(Records from a data collection)
definition dc_embedding ::
  "'a set \<Rightarrow> 'd::linorder set \<Rightarrow> 'd \<Rightarrow> ('a \<Rightarrow> 'a \<Rightarrow> 'd) \<Rightarrow>
   'b set \<Rightarrow> 'e::linorder set \<Rightarrow> 'e \<Rightarrow> ('b \<Rightarrow> 'b \<Rightarrow> 'e) \<Rightarrow> ('a \<Rightarrow> 'b) \<Rightarrow> bool" where
  "dc_embedding X D z d Y E w dY f \<longleftrightarrow>
     inj_on f X \<and> f ` X \<subseteq> Y \<and>
     (\<exists>Df. Df ` D \<subseteq> E \<and> Df z = w \<and>
        (\<forall>r\<in>D. \<forall>s\<in>D. r \<le> s \<longleftrightarrow> Df r \<le> Df s) \<and>
        (\<forall>x\<in>X. \<forall>y\<in>X. dY (f x) (f y) = Df (d x y)))"

abbreviation Qnn :: "rat set" where "Qnn \<equiv> {q. 0 \<le> q}"

text \<open>The countable rational Urysohn ultrametric space (Fraisse limit of the finite
  ultrametric spaces with distances in Q>=0), characterised by the one-point
  extension property.\<close>
definition rat_urysohn_ultrametric :: "'u set \<Rightarrow> ('u \<Rightarrow> 'u \<Rightarrow> rat) \<Rightarrow> bool" where
  "rat_urysohn_ultrametric U dU \<longleftrightarrow>
     ultrametric2 U Qnn 0 dU \<and> countable U \<and>
     (\<forall>A f. finite A \<and> A \<subseteq> U \<and> (\<forall>a\<in>A. 0 < f a) \<and>
        (\<forall>a\<in>A. \<forall>b\<in>A. dU a b \<le> max (f a) (f b) \<and> f a \<le> max (dU a b) (f b))
        \<longrightarrow> (\<exists>u\<in>U. \<forall>a\<in>A. dU u a = f a))"

definition urysohn_completion ::
  "'v set \<Rightarrow> ('v \<Rightarrow> 'v \<Rightarrow> rat) \<Rightarrow> 'u set \<Rightarrow> ('u \<Rightarrow> 'u \<Rightarrow> rat) \<Rightarrow> ('u \<Rightarrow> 'v) \<Rightarrow> bool" where
  "urysohn_completion V dV U dU i \<longleftrightarrow>
     rat_urysohn_ultrametric U dU \<and>
     ultrametric2 V Qnn 0 dV \<and> cauchy_complete2 V Qnn 0 dV \<and>
     i ` U \<subseteq> V \<and> (\<forall>x\<in>U. \<forall>y\<in>U. dV (i x) (i y) = dU x y) \<and>
     dense2 V Qnn 0 dV (i ` U)"

end

(* The distance set D of X is countable: by precision and density, every nonzero distance is
   already realised between two points of a countable dense set C. Giving the n-th element of D
   the weight 2^-n, a rational chosen between the total weight of the distances below r and the
   total weight of those up to r defines an order embedding phi of D into Q>=0 with phi 0 = 0 that
   is continuous at 0. Then phi o d is a rational ultrametric on X. By the one-point extension
   property C embeds isometrically into the Urysohn space, and by Cauchy completeness this
   embedding extends to X: the image of x is a common point of the balls around the images of
   points c of C whose radius exceeds the distance from c to x. The resulting map transports
   distances through phi, and continuity of phi at 0 makes it uniformly continuous. *)

theory Submission
  imports Defs Complex_Main
begin

lemma ultrametric2_dist_mem:
  assumes "ultrametric2 X D z d" "x \<in> X" "y \<in> X"
  shows "d x y \<in> D"
  using assms unfolding ultrametric2_def by blast

lemma ultrametric2_sym:
  assumes "ultrametric2 X D z d" "x \<in> X" "y \<in> X"
  shows "d x y = d y x"
  using assms unfolding ultrametric2_def by blast

lemma ultrametric2_eq_zero_iff:
  assumes "ultrametric2 X D z d" "x \<in> X" "y \<in> X"
  shows "d x y = z \<longleftrightarrow> x = y"
  using assms unfolding ultrametric2_def by blast

lemma ultrametric2_self:
  assumes "ultrametric2 X D z d" "x \<in> X"
  shows "d x x = z"
  using ultrametric2_eq_zero_iff[OF assms assms(2)] by simp

lemma ultrametric2_triangle:
  assumes "ultrametric2 X D z d" "x \<in> X" "y \<in> X" "w \<in> X"
  shows "d x w \<le> max (d x y) (d y w)"
  using assms unfolding ultrametric2_def by blast

lemma ultrametric2_bottom:
  assumes "ultrametric2 X D z d"
  shows "z \<in> D" and "r \<in> D \<Longrightarrow> z \<le> r"
  using assms unfolding ultrametric2_def by blast+

lemma ultrametric2_subset:
  "ultrametric2 X D z d \<Longrightarrow> C \<subseteq> X \<Longrightarrow> ultrametric2 C D z d"
  unfolding ultrametric2_def by blast

lemma ultrametric2_dist_eq_of_close:
  assumes um: "ultrametric2 X D z d" and X: "x \<in> X" "y \<in> X" "x' \<in> X" "y' \<in> X"
    and close: "d x x' < d x y" "d y y' < d x y"
  shows "d x' y' = d x y"
proof (rule antisym)
  have "d x y' \<le> max (d x y) (d y y')"
    using ultrametric2_triangle[OF um] X by blast
  then have "d x y' \<le> d x y"
    using close(2) by (simp add: le_max_iff_disj)
  moreover have "d x' y' \<le> max (d x' x) (d x y')"
    using ultrametric2_triangle[OF um] X by blast
  ultimately show "d x' y' \<le> d x y"
    using close(1) ultrametric2_sym[OF um X(1,3)] by (metis le_max_iff_disj order.trans less_imp_le)
  have "d x y \<le> max (d x x') (d x' y)"
    using ultrametric2_triangle[OF um] X by blast
  then have "d x y \<le> d x' y"
    using close(1) by (metis le_max_iff_disj not_le)
  moreover have "d x' y \<le> max (d x' y') (d y' y)"
    using ultrametric2_triangle[OF um] X by blast
  ultimately show "d x y \<le> d x' y'"
    using close(2) ultrametric2_sym[OF um X(2,4)] by (metis le_max_iff_disj order.trans not_le)
qed

lemma ultrametric2_ball_subset:
  assumes um: "ultrametric2 X D z d" and "a \<in> X" "b \<in> X" "d a b < t" "s \<le> t"
  shows "ball2 X d a s \<subseteq> ball2 X d b t"
proof
  fix y assume "y \<in> ball2 X d a s"
  then have "y \<in> X" "d y a < s" unfolding ball2_def by auto
  moreover have "d y b \<le> max (d y a) (d a b)"
    using ultrametric2_triangle[OF um] \<open>y \<in> X\<close> assms(2,3) by blast
  ultimately show "y \<in> ball2 X d b t"
    using assms(4,5) unfolding ball2_def by (auto simp: le_max_iff_disj; order)
qed

lemma ultrametric2_extension_condition:
  assumes um: "ultrametric2 X D z d" and "x \<in> X" "a \<in> X" "b \<in> X"
  shows "d a b \<le> max (d x a) (d x b) \<and> d x a \<le> max (d a b) (d x b)"
proof -
  have "d a b \<le> max (d a x) (d x b)" "d x a \<le> max (d x b) (d b a)"
    using ultrametric2_triangle[OF um] assms(2-4) by blast+
  moreover have "d a x = d x a" "d b a = d a b"
    using ultrametric2_sym[OF um] assms(2-4) by blast+
  ultimately show ?thesis
    by (simp add: max.commute)
qed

### [ASSIGNMENT]
In full and without changes, give the data above once more.

### [EXPECTED OUTPUT]
definition dc_embedding ::
  "'a set \<Rightarrow> 'd::linorder set \<Rightarrow> 'd \<Rightarrow> ('a \<Rightarrow> 'a \<Rightarrow> 'd) \<Rightarrow>
   'b set \<Rightarrow> 'e::linorder set \<Rightarrow> 'e \<Rightarrow> ('b \<Rightarrow> 'b \<Rightarrow> 'e) \<Rightarrow> ('a \<Rightarrow> 'b) \<Rightarrow> bool" where
  "dc_embedding X D z d Y E w dY f \<longleftrightarrow>
     inj_on f X \<and> f ` X \<subseteq> Y \<and>
     (\<exists>Df. Df ` D \<subseteq> E \<and> Df z = w \<and>
        (\<forall>r\<in>D. \<forall>s\<in>D. r \<le> s \<longleftrightarrow> Df r \<le> Df s) \<and>
        (\<forall>x\<in>X. \<forall>y\<in>X. dY (f x) (f y) = Df (d x y)))"

abbreviation Qnn :: "rat set" where "Qnn \<equiv> {q. 0 \<le> q}"

text \<open>The countable rational Urysohn ultrametric space (Fraisse limit of the finite
  ultrametric spaces with distances in Q>=0), characterised by the one-point
  extension property.\<close>
definition rat_urysohn_ultrametric :: "'u set \<Rightarrow> ('u \<Rightarrow> 'u \<Rightarrow> rat) \<Rightarrow> bool" where
  "rat_urysohn_ultrametric U dU \<longleftrightarrow>
     ultrametric2 U Qnn 0 dU \<and> countable U \<and>
     (\<forall>A f. finite A \<and> A \<subseteq> U \<and> (\<forall>a\<in>A. 0 < f a) \<and>
        (\<forall>a\<in>A. \<forall>b\<in>A. dU a b \<le> max (f a) (f b) \<and> f a \<le> max (dU a b) (f b))
        \<longrightarrow> (\<exists>u\<in>U. \<forall>a\<in>A. dU u a = f a))"

definition urysohn_completion ::
  "'v set \<Rightarrow> ('v \<Rightarrow> 'v \<Rightarrow> rat) \<Rightarrow> 'u set \<Rightarrow> ('u \<Rightarrow> 'u \<Rightarrow> rat) \<Rightarrow> ('u \<Rightarrow> 'v) \<Rightarrow> bool" where
  "urysohn_completion V dV U dU i \<longleftrightarrow>
     rat_urysohn_ultrametric U dU \<and>
     ultrametric2 V Qnn 0 dV \<and> cauchy_complete2 V Qnn 0 dV \<and>
     i ` U \<subseteq> V \<and> (\<forall>x\<in>U. \<forall>y\<in>U. dV (i x) (i y) = dU x y) \<and>
     dense2 V Qnn 0 dV (i ` U)"

end

(* The distance set D of X is countable: by precision and density, every nonzero distance is
   already realised between two points of a countable dense set C. Giving the n-th element of D
   the weight 2^-n, a rational chosen between the total weight of the distances below r and the
   total weight of those up to r defines an order embedding phi of D into Q>=0 with phi 0 = 0 that
   is continuous at 0. Then phi o d is a rational ultrametric on X. By the one-point extension
   property C embeds isometrically into the Urysohn space, and by Cauchy completeness this
   embedding extends to X: the image of x is a common point of the balls around the images of
   points c of C whose radius exceeds the distance from c to x. The resulting map transports
   distances through phi, and continuity of phi at 0 makes it uniformly continuous. *)

theory Submission
  imports Defs Complex_Main
begin

lemma ultrametric2_dist_mem:
  assumes "ultrametric2 X D z d" "x \<in> X" "y \<in> X"
  shows "d x y \<in> D"
  using assms unfolding ultrametric2_def by blast

lemma ultrametric2_sym:
  assumes "ultrametric2 X D z d" "x \<in> X" "y \<in> X"
  shows "d x y = d y x"
  using assms unfolding ultrametric2_def by blast

lemma ultrametric2_eq_zero_iff:
  assumes "ultrametric2 X D z d" "x \<in> X" "y \<in> X"
  shows "d x y = z \<longleftrightarrow> x = y"
  using assms unfolding ultrametric2_def by blast

lemma ultrametric2_self:
  assumes "ultrametric2 X D z d" "x \<in> X"
  shows "d x x = z"
  using ultrametric2_eq_zero_iff[OF assms assms(2)] by simp

lemma ultrametric2_triangle:
  assumes "ultrametric2 X D z d" "x \<in> X" "y \<in> X" "w \<in> X"
  shows "d x w \<le> max (d x y) (d y w)"
  using assms unfolding ultrametric2_def by blast

lemma ultrametric2_bottom:
  assumes "ultrametric2 X D z d"
  shows "z \<in> D" and "r \<in> D \<Longrightarrow> z \<le> r"
  using assms unfolding ultrametric2_def by blast+

lemma ultrametric2_subset:
  "ultrametric2 X D z d \<Longrightarrow> C \<subseteq> X \<Longrightarrow> ultrametric2 C D z d"
  unfolding ultrametric2_def by blast

lemma ultrametric2_dist_eq_of_close:
  assumes um: "ultrametric2 X D z d" and X: "x \<in> X" "y \<in> X" "x' \<in> X" "y' \<in> X"
    and close: "d x x' < d x y" "d y y' < d x y"
  shows "d x' y' = d x y"
proof (rule antisym)
  have "d x y' \<le> max (d x y) (d y y')"
    using ultrametric2_triangle[OF um] X by blast
  then have "d x y' \<le> d x y"
    using close(2) by (simp add: le_max_iff_disj)
  moreover have "d x' y' \<le> max (d x' x) (d x y')"
    using ultrametric2_triangle[OF um] X by blast
  ultimately show "d x' y' \<le> d x y"
    using close(1) ultrametric2_sym[OF um X(1,3)] by (metis le_max_iff_disj order.trans less_imp_le)
  have "d x y \<le> max (d x x') (d x' y)"
    using ultrametric2_triangle[OF um] X by blast
  then have "d x y \<le> d x' y"
    using close(1) by (metis le_max_iff_disj not_le)
  moreover have "d x' y \<le> max (d x' y') (d y' y)"
    using ultrametric2_triangle[OF um] X by blast
  ultimately show "d x y \<le> d x' y'"
    using close(2) ultrametric2_sym[OF um X(2,4)] by (metis le_max_iff_disj order.trans not_le)
qed

lemma ultrametric2_ball_subset:
  assumes um: "ultrametric2 X D z d" and "a \<in> X" "b \<in> X" "d a b < t" "s \<le> t"
  shows "ball2 X d a s \<subseteq> ball2 X d b t"
proof
  fix y assume "y \<in> ball2 X d a s"
  then have "y \<in> X" "d y a < s" unfolding ball2_def by auto
  moreover have "d y b \<le> max (d y a) (d a b)"
    using ultrametric2_triangle[OF um] \<open>y \<in> X\<close> assms(2,3) by blast
  ultimately show "y \<in> ball2 X d b t"
    using assms(4,5) unfolding ball2_def by (auto simp: le_max_iff_disj; order)
qed

lemma ultrametric2_extension_condition:
  assumes um: "ultrametric2 X D z d" and "x \<in> X" "a \<in> X" "b \<in> X"
  shows "d a b \<le> max (d x a) (d x b) \<and> d x a \<le> max (d a b) (d x b)"
proof -
  have "d a b \<le> max (d a x) (d x b)" "d x a \<le> max (d x b) (d b a)"
    using ultrametric2_triangle[OF um] assms(2-4) by blast+
  moreover have "d a x = d x a" "d b a = d a b"
    using ultrametric2_sym[OF um] assms(2-4) by blast+
  ultimately show ?thesis
    by (simp add: max.commute)
qed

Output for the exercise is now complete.